Below are the entries; return every line among them that holds the word "noteq".

### Input for this task
--- START ---

(* Let $H=(T_1,\dots,T_n,p_1,\dots,p_n)$ be a strategic game equipped with mixed strategies as described in the context. (i) If $\mathbf{MD}(\beta)$ holds for all $\beta<\alpha$, then $\overline{MGS}^{\alpha}=\overline{MLS}^{\alpha}$. In particular, if $\mathbf{MD}(\alpha)$ holds for all ordinals $\alpha$, then the outcomes of $\overline{MGS}$ and $\overline{MLS}$ coincide. (ii) If $\mathbf{MD}(\alpha)$ holds for all ordinals $\alpha$, then $\overline{MLS}$ is order independent. (iii) If $\mathbf{MD}(\beta)$ holds for all $\beta<\alpha+1$, then $MLS^{\alpha}=\overline{MLS}^{\alpha}$. In particular, if $\mathbf{MD}(\alpha)$ holds for all ordinals $\alpha$, then the outcome of $MLS$ exists and equals the outcome of $\overline{MLS}$.
   Context: A restriction of $H$ is $G=(S_1,\dots,S_n)$ with $S_i\subseteq T_i$ (possibly empty), ordered componentwise. Mixed strategies: for each $i$ a set $\Delta T_i\supseteq T_i$ of mixed strategies is given, and for each $S_i\subseteq T_i$ a set $\Delta S_i\subseteq\Delta T_i$ of mixed strategies over $S_i$; each $p_i$ is extended to $p_i:\Delta T_1\times\dots\times\Delta T_n\to\mathbb R$. For $m_i\in\Delta T_i$ and $s_i\in T_i$, $m_i\succ_G s_i$ means $p_i(m_i,s_{-i})>p_i(s_i,s_{-i})$ for all $s_{-i}\in\prod_{j\ne i}S_j$ (vacuous if empty). $MGS(G):=(S_1',\dots,S_n')$ with $S_i':=\{s_i\in T_i\mid\neg\exists m_i\in\Delta T_i:\ m_i\succ_G s_i\}$; $MLS(G):=(S_1',\dots,S_n')$ with $S_i':=\{s_i\in T_i\mid\neg\exists m_i\in\Delta S_i:\ m_i\succ_G s_i\}$; $\overline{T}(G):=T(G)\cap G$. Iterations: $T^0:=H$, $T^{\alpha+1}:=T(T^\alpha)$, $T^\beta:=\bigcap_{\alpha<\beta}T^\alpha$ for limit $\beta$; outcome $T^{\alpha_T}$, $\alpha_T$ the least $\alpha$ with $T^{\alpha+1}=T^\alpha$. $R$ is a relaxation of $T$ if for all ordinals $\alpha$: (1) $T(R^\alpha)\subseteq R(R^\alpha)$; (2) if $T(R^\alpha)\subseteq R^\alpha$ then $R(R^\alpha)\subseteq R^\alpha$; (3) if $R(R^\alpha)=R^\alpha$ then $T(R^\alpha)=R^\alpha$. $T$ is order independent if the set of outcomes of relaxations of $T$ has at most one element. Property $\mathbf{MD}(\alpha)$: for every relaxation $R$ of $\overline{MLS}$, writing $R^\alpha=(S_1,\dots,S_n)$, every $i$ and every $s_i\in T_i$: if some $m_i\in\Delta T_i$ has $m_i\succ_{R^\alpha}s_i$, then some $m_i^*\in\Delta S_i$ has $m_i^*\succ_{R^\alpha}s_i$. *)

theory Defs
  imports Complex_Main
begin
theorem lemma2p7:
  fixes Om :: real and W :: "real \<Rightarrow> complex \<Rightarrow> real"
  assumes "Om > 0"
    and "\<And>lam. lam > 1 / pi \<Longrightarrow> is_maximizer Om lam (W lam)"
  shows "\<exists>C. \<exists>L. \<forall>lam \<ge> L. kinetic Om lam (W lam) \<le> C"
proof -
  define c where "c = 2 * (1 + 4*pi) / pi"
  have "kinetic Om lam (W lam) \<le> (c + \<bar>Om\<bar>)^2" if lam: "lam \<ge> 1" for lam
  proof -
    have "1 / pi < 1" using pi_gt3 by simp
    with lam have "lam > 1 / pi" by linarith
    then interpret admissible_density "W lam" lam
      using assms(2) by unfold_locales (simp_all add: is_maximizer_def)
    have "\<bar>Om\<bar> * 1 \<le> \<bar>Om\<bar> * sqrt lam" using lam by (intro mult_left_mono) auto
    hence "c * sqrt lam + \<bar>Om\<bar> \<le> (c + \<bar>Om\<bar>) * sqrt lam" by (simp add: distrib_right)
    hence "(c * sqrt lam + \<bar>Om\<bar>)^2 / lam \<le> ((c + \<bar>Om\<bar>) * sqrt lam)^2 / lam"
      using lam unfolding c_def by (intro divide_right_mono power_mono) auto
    also have "\<dots> = (c + \<bar>Om\<bar>)^2"
      using lam by (simp add: power_mult_distrib)
    finally show ?thesis using kinetic_le[of Om] unfolding c_def by linarith
  qed
  then show ?thesis by blast
qed

end
lemma state_potential_Suc:
  assumes W: "W \<in> W2 h 4" and "\<not> has_bench h W 1 2" and "1 \<le> m" "m < h"
  shows "map_option (\<lambda>x. x + 3 * int (row_count W (Suc m)) - 8) (state_potential W m)
           \<le> state_potential W (Suc m)"
proof -
  have sub: "W \<subseteq> {1..h} \<times> {1..4}"
    using W by (rule W2_subset)
  then have "row_ok W m"
    using assms W2_iff_row_ok by auto
  moreover have "\<not> (open_seat W m \<and> \<not> (m, 2) \<in> W \<and> (Suc m, 1) \<in> W \<and> (Suc m, 2) \<in> W)"
    using has_bench_if_seat_closes[of W m h] assms by auto
  moreover have "W \<subseteq> UNIV \<times> {1..4}"
    using sub by auto
  ultimately show ?thesis
    unfolding state_potential_def open_seat_Suc row_count_eq[OF \<open>W \<subseteq> UNIV \<times> {1..4}\<close>] diff_Suc_1
    by (intro potential_step) (simp_all add: row_ok_def)
qed

lemma state_potential_bound:
  assumes W: "W \<in> W2 h 4" and no_bench: "\<not> has_bench h W 1 2" and "2 \<le> m" "m \<le> h"
  shows "Some (3 * int (\<Sum>i=1..m. row_count W i) - 8 * int m) \<le> state_potential W m"
  using \<open>2 \<le> m\<close> \<open>m \<le> h\<close>
proof (induction m rule: nat_induct_at_least)
  case base
  have "{1..2::nat} = {1, 2}"
    by auto
  then show ?case
    using state_potential_2[OF W base] by simp
next
  case (Suc m)
  let ?step = "\<lambda>x. x + 3 * int (row_count W (Suc m)) - 8"
  have "Some (3 * int (\<Sum>i=1..Suc m. row_count W i) - 8 * int (Suc m))
      = map_option ?step (Some (3 * int (\<Sum>i=1..m. row_count W i) - 8 * int m))"
    by simp
  also have "\<dots> \<le> map_option ?step (state_potential W m)"
    using Suc by (cases "state_potential W m") auto
  also have "\<dots> \<le> state_potential W (Suc m)"
    using Suc by (intro state_potential_Suc[OF W no_bench]) auto
  finally show ?case .
qed

lemma card_le_if_no_bench_1_2:
  assumes W: "W \<in> W2 h 4" and no_bench: "\<not> has_bench h W 1 2" and "2 \<le> h"
  shows "3 * card W \<le> 8 * h + 3"
proof -
  have sub: "W \<subseteq> {1..h} \<times> {1..4}"
    using W by (rule W2_subset)
  have "row_ok W h"
    using W W2_iff_row_ok[OF sub] assms by auto
  moreover have "(h + 1, j) \<notin> W" for j
    using sub by auto
  ultimately have "state_potential W h \<le> Some 3"
    unfolding state_potential_def by (intro potential_final) (simp add: row_ok_def)
  moreover have "Some (3 * int (card W) - 8 * int h) \<le> state_potential W h"
    using state_potential_bound[OF W no_bench \<open>2 \<le> h\<close> order_refl]
    by (simp add: card_eq_sum_row_count[OF sub])
  ultimately show ?thesis
    by (cases "state_potential W h") auto
qed

definition zigzag_row :: "nat \<Rightarrow> nat set" where
  "zigzag_row i = (if i mod 3 = 0 then {1, 3, 4} else if i mod 3 = 1 then {2, 3} else {1, 2, 4})"

definition zigzag :: "nat \<Rightarrow> (nat \<times> nat) set" where
  "zigzag h = Sigma {1..h} zigzag_row \<union> {(1, 4), (h, 1)}"

lemma mem_zigzag:
  "(i, j) \<in> zigzag h \<longleftrightarrow> (i \<in> {1..h} \<and> j \<in> zigzag_row i) \<or> (i, j) = (1, 4) \<or> (i, j) = (h, 1)"
  by (auto simp: zigzag_def)

lemma zigzag_row_ok:
  assumes h: "h = 3 * k + 1" "1 \<le> k" and i: "i \<in> {1..h}"
  shows "row_ok (zigzag h) i"
proof -
  \<comment> \<open>\<open>h - 1 - 1\<close> rather than \<open>h - 2\<close>: the form in which row \<open>h - 1\<close> refers to the row above\<close>
  have "h - 1 - 1 = 3 * (k - 1) + 2"
    using h by simp
  then have "(h - 1 - 1) mod 3 = 2"
    by (simp only: mod_mult_self4) simp
  moreover have "h mod 3 = 1" "4 \<le> h" "(h - 1) mod 3 = 0"
    using h by auto
  ultimately have h_facts: "(h - 1 - 1) mod 3 = 2" "h mod 3 = 1" "4 \<le> h" "(h - 1) mod 3 = 0"
    by blast+
  consider "i = 1" | "i = 2" | "3 \<le> i" "i + 2 \<le> h" | "i = h - 1" | "i = h"
    using i h_facts by fastforce
  then show ?thesis
  proof cases
    case 1
    then show ?thesis
      using h_facts by (simp add: row_ok_def middle_row_ok_def mem_zigzag zigzag_row_def)
  next
    case 2
    then show ?thesis
      using h_facts by (simp add: row_ok_def middle_row_ok_def mem_zigzag zigzag_row_def)
  next
    case 3
    define r where "r = i mod 3"
    have "(i - 1) mod 3 = (i - 1 + 3) mod 3"
      by simp
    also have "i - 1 + 3 = i + 2"
      using 3 by simp
    finally have "(i - 1) mod 3 = (i + 2) mod 3" .
    then have residues: "i mod 3 = r" "(i - 1) mod 3 = (r + 2) mod 3" "(i + 1) mod 3 = (r + 1) mod 3"
      unfolding r_def by (simp_all only: mod_add_left_eq)
    have rows: "(i - 1, j) \<in> zigzag h \<longleftrightarrow> j \<in> zigzag_row (i - 1)"
        "(i, j) \<in> zigzag h \<longleftrightarrow> j \<in> zigzag_row i"
        "(i + 1, j) \<in> zigzag h \<longleftrightarrow> j \<in> zigzag_row (i + 1)" for j
      using 3 by (auto simp: mem_zigzag)
    have "r < 3"
      unfolding r_def by simp
    then consider "r = 0" | "r = 1" | "r = 2"
      by linarith
    then show ?thesis
      unfolding row_ok_def rows zigzag_row_def residues
      by cases (simp_all add: middle_row_ok_def)
  next
    case 4
    then show ?thesis
      using h_facts by (simp add: row_ok_def middle_row_ok_def mem_zigzag zigzag_row_def)
  next
    case 5
    then show ?thesis
      using h_facts by (simp add: row_ok_def middle_row_ok_def mem_zigzag zigzag_row_def)
  qed
qed

lemma card_zigzag_rows: "(\<Sum>i=1..3 * k + 1. card (zigzag_row i)) = 8 * k + 2"
proof (induction k)
  case 0
  show ?case
    by (simp add: zigzag_row_def)
next
  case (Suc k)
  have "{1..3 * Suc k + 1} = {1..3 * k + 1} \<union> {3 * k + 2, 3 * k + 3, 3 * k + 4}"
    by auto
  moreover have "(3 * k + 2) mod 3 = 2" "(3 * k + 3) mod 3 = 0" "(3 * k + 4) mod 3 = 1"
    by presburger+
  ultimately show ?case
    using Suc.IH by (simp add: zigzag_row_def)
qed

lemma card_zigzag:
  assumes "h = 3 * k + 1"
  shows "card (zigzag h) = 8 * k + 4"
proof -
  have "h mod 3 = 1"
    using assms by simp
  then have "{(1, 4), (h, 1)} \<inter> Sigma {1..h} zigzag_row = {}"
    by (auto simp: zigzag_row_def)
  moreover have "card (Sigma {1..h} zigzag_row) = 8 * k + 2"
    using assms card_zigzag_rows by (simp add: card_SigmaI zigzag_row_def)
  moreover have "card {(1::nat, 4::nat), (h, 1)} = 2"
    by simp
  ultimately show ?thesis
    unfolding zigzag_def by (subst card_Un_disjoint) (auto simp: zigzag_row_def)
qed

lemma zigzag_in_W2:
  assumes "h = 3 * k + 1" "1 \<le> k"
  shows "zigzag h \<in> W2 h 4"
proof -
  have "zigzag h \<subseteq> {1..h} \<times> {1..4}"
    using assms by (auto simp: zigzag_def zigzag_row_def split: if_splits)
  then show ?thesis
    using W2_iff_row_ok zigzag_row_ok[OF assms] by blast
qed

lemma two_full_has_bench_1_2:
  assumes "h = 3 * k + 1" "1 \<le> k" "two_full h 4 W"
  shows "has_bench h W 1 2"
proof (rule ccontr)
  assume no_bench: "\<not> has_bench h W 1 2"
  have W: "W \<in> W2 h 4"
    using assms(3) by (simp add: two_full_def)
  have "8 * k + 4 \<le> card W"
    using assms zigzag_in_W2 card_zigzag by (metis two_full_def)
  moreover have "3 * card W \<le> 8 * h + 3"
    using card_le_if_no_bench_1_2[OF W no_bench] assms by simp
  ultimately show False
    using assms by linarith
qed

theorem mainTheorem17:
  fixes k h :: nat and W :: "(nat \<times> nat) set"
  assumes "k \<ge> 2" and "h = 3 * k + 1" and "two_full h 4 W"
  shows "has_bench h W 1 2 \<and> has_bench h W 4 3"
proof
  have k: "1 \<le> k"
    using assms(1) by simp
  show "has_bench h W 1 2"
    using two_full_has_bench_1_2[OF assms(2) k assms(3)] .
  have "W \<subseteq> UNIV \<times> {1..4}"
    using assms(3) by (auto simp: two_full_def W2_def)
  moreover have "has_bench h (mirror W) 1 2"
    using two_full_has_bench_1_2[OF assms(2) k two_full_mirror[OF assms(3)]] .
  ultimately show "has_bench h W 4 3"
    by (rule has_bench_mirror)
qed

end
lemma sym_val_steps:
  assumes "length vs = Suc CARD('a)" "\<forall>v\<in>set vs. closed_v 0 v"
  shows "(det_step ^^ Suc CARD('a)) (apps (Val (sym_val (x :: 'a::{finite,linorder} option))) (vs @ ws))
           (apps (Val (vs ! tsym_idx x)) ws)"
proof -
  have "tsym_idx x < length vs" using assms(1) by simp
  from proj_steps[OF this assms(2)] show ?thesis unfolding assms(1) sym_val_def .
qed

fun tape_val :: "'a::{finite,linorder} option list \<Rightarrow> val" where
  "tape_val [] = scott_nil"
| "tape_val (x # xs) = scott_cons (sym_val x) (tape_val xs)"

lemma closed_tape_val [simp]: "closed_v 0 (tape_val xs)"
  by (induct xs) auto

definition states :: "'q::finite list" where
  "states = (SOME xs. distinct xs \<and> set xs = UNIV)"

lemma distinct_set_states: "distinct (states :: 'q::finite list) \<and> set (states :: 'q list) = UNIV"
  unfolding states_def
  by (rule someI_ex) (use finite_distinct_list[of "UNIV :: 'q set"] in auto)

lemma set_states [simp]: "set (states :: 'q::finite list) = UNIV"
  using distinct_set_states by blast

lemma length_states [simp]: "length (states :: 'q::finite list) = CARD('q)"
  using distinct_set_states distinct_card by metis

definition state_idx :: "'q::finite \<Rightarrow> nat" where
  "state_idx q = pos_in states q"

lemma state_idx_less [simp]: "state_idx (q::'q::finite) < CARD('q)"
  using pos_in_nth[of q states] by (simp add: state_idx_def)

lemma nth_states_state_idx [simp]: "(states :: 'q::finite list) ! state_idx q = q"
  using pos_in_nth[of q states] by (simp add: state_idx_def)

definition state_val :: "'q::finite \<Rightarrow> val" where
  "state_val q = proj CARD('q) (state_idx q)"

lemma closed_state_val [simp]: "closed_v 0 (state_val q)"
  by (simp add: state_val_def)

lemma state_val_steps:
  assumes "length vs = CARD('q)" "\<forall>v\<in>set vs. closed_v 0 v"
  shows "(det_step ^^ CARD('q)) (apps (Val (state_val (q :: 'q::finite))) (vs @ ws))
           (apps (Val (vs ! state_idx q)) ws)"
proof -
  have "state_idx q < length vs" using assms(1) by simp
  from proj_steps[OF this assms(2)] show ?thesis unfolding assms(1) state_val_def .
qed

section \<open>Reversal of Scott lists in continuation-passing style\<close>

text \<open>Recursion is by self-application: the first argument of \<open>rev_app\<close> is always \<open>rev_app\<close>
  itself, and \<open>rev_app rev_app xs acc k\<close> reduces to \<open>k (rev xs @ acc)\<close>.\<close>

definition rev_app_cons :: val where
  "rev_app_cons = Lam (lams 4 (apps (Val (Var 2))
     [Var 2, Var 3, Lam (lams 1 (apps (Val (Var 1)) [Var 6, Var 3])), Var 0]))"
lemma deriv_straddle:
  fixes f :: "real \<Rightarrow> real"
  assumes "f differentiable at x" "deriv f x < C"
  shows "\<exists>d>0. \<forall>u v. u \<le> x \<longrightarrow> x \<le> v \<longrightarrow> {u..v} \<subseteq> ball x d \<longrightarrow> f v - f u \<le> C * (v - u)"
proof -
  have "(f has_real_derivative deriv f x) (at x)"
    using assms(1) by (simp add: DERIV_deriv_iff_real_differentiable)
  then have "((\<lambda>y. (f y - f x) / (y - x)) \<longlongrightarrow> deriv f x) (at x)"
    by (simp add: has_field_derivative_iff)
  then have "\<forall>\<^sub>F y in at x. dist ((f y - f x) / (y - x)) (deriv f x) < C - deriv f x"
    by (rule tendstoD) (use assms(2) in simp)
  then obtain d where "d > 0"
    and quotient: "\<And>y. y \<noteq> x \<Longrightarrow> dist y x < d \<Longrightarrow> (f y - f x) / (y - x) < C"
    unfolding eventually_at by (fastforce simp: dist_real_def)
  have right: "f v - f x \<le> C * (v - x)" if "v \<in> ball x d" "x \<le> v" for v
  proof (cases "v = x")
    case False
    then show ?thesis
      using quotient[OF False] that by (simp add: dist_commute pos_divide_less_eq less_imp_le)
  qed simp
  have left: "f x - f u \<le> C * (x - u)" if "u \<in> ball x d" "u \<le> x" for u
  proof (cases "u = x")
    case False
    have "(f u - f x) / (u - x) = (f x - f u) / (x - u)"
      by (metis minus_diff_eq minus_divide_divide)
    then show ?thesis
      using quotient[OF False] that False by (simp add: dist_commute pos_divide_less_eq less_imp_le)
  qed simp
  have "f v - f u \<le> C * (v - u)" if "u \<le> x" "x \<le> v" "{u..v} \<subseteq> ball x d" for u v
  proof -
    have "u \<in> {u..v}" "v \<in> {u..v}" using that(1,2) by auto
    then have "u \<in> ball x d" "v \<in> ball x d" using that(3) by blast+
    then show ?thesis using right left that by (fastforce simp: algebra_simps)
  qed
  with \<open>d > 0\<close> show ?thesis by blast
qed

lemma tagged_division_of_real_interval:
  fixes s t :: real
  assumes "p tagged_division_of {s..t}" "(x, K) \<in> p"
  shows "K = {Inf K..Sup K} \<and> s \<le> Inf K \<and> Inf K \<le> x \<and> x \<le> Sup K \<and> Sup K \<le> t"
proof -
  obtain u v where "K = cbox u v" using tagged_division_ofD(4)[OF assms] by blast
  then have "K = {u..v}" by simp
  moreover have "x \<in> K" "K \<subseteq> {s..t}" using tagged_division_ofD(2,3)[OF assms] by auto
  ultimately show ?thesis by auto
qed

lemma tagged_division_of_real_interiors_disjoint:
  fixes s t :: real
  assumes p: "p tagged_division_of {s..t}" and "z \<in> p" "z' \<in> p" "z \<noteq> z'"
  shows "{Inf (snd z)<..<Sup (snd z)} \<inter> {Inf (snd z')<..<Sup (snd z')} = {}"
proof -
  have "interior (snd z) \<inter> interior (snd z') = {}"
    using tagged_division_ofD(5)[OF p, of "fst z" "snd z" "fst z'" "snd z'"] assms(2-4) by auto
  then show ?thesis
    using tagged_division_of_real_interval[OF p, of "fst z" "snd z"]
      tagged_division_of_real_interval[OF p, of "fst z'" "snd z'"] assms(2,3)
    by (metis interior_atLeastAtMost_real prod.collapse)
qed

--- END ---

### Result of the task
    and quotient: "\<And>y. y \<noteq> x \<Longrightarrow> dist y x < d \<Longrightarrow> (f y - f x) / (y - x) < C"
  assumes p: "p tagged_division_of {s..t}" and "z \<in> p" "z' \<in> p" "z \<noteq> z'"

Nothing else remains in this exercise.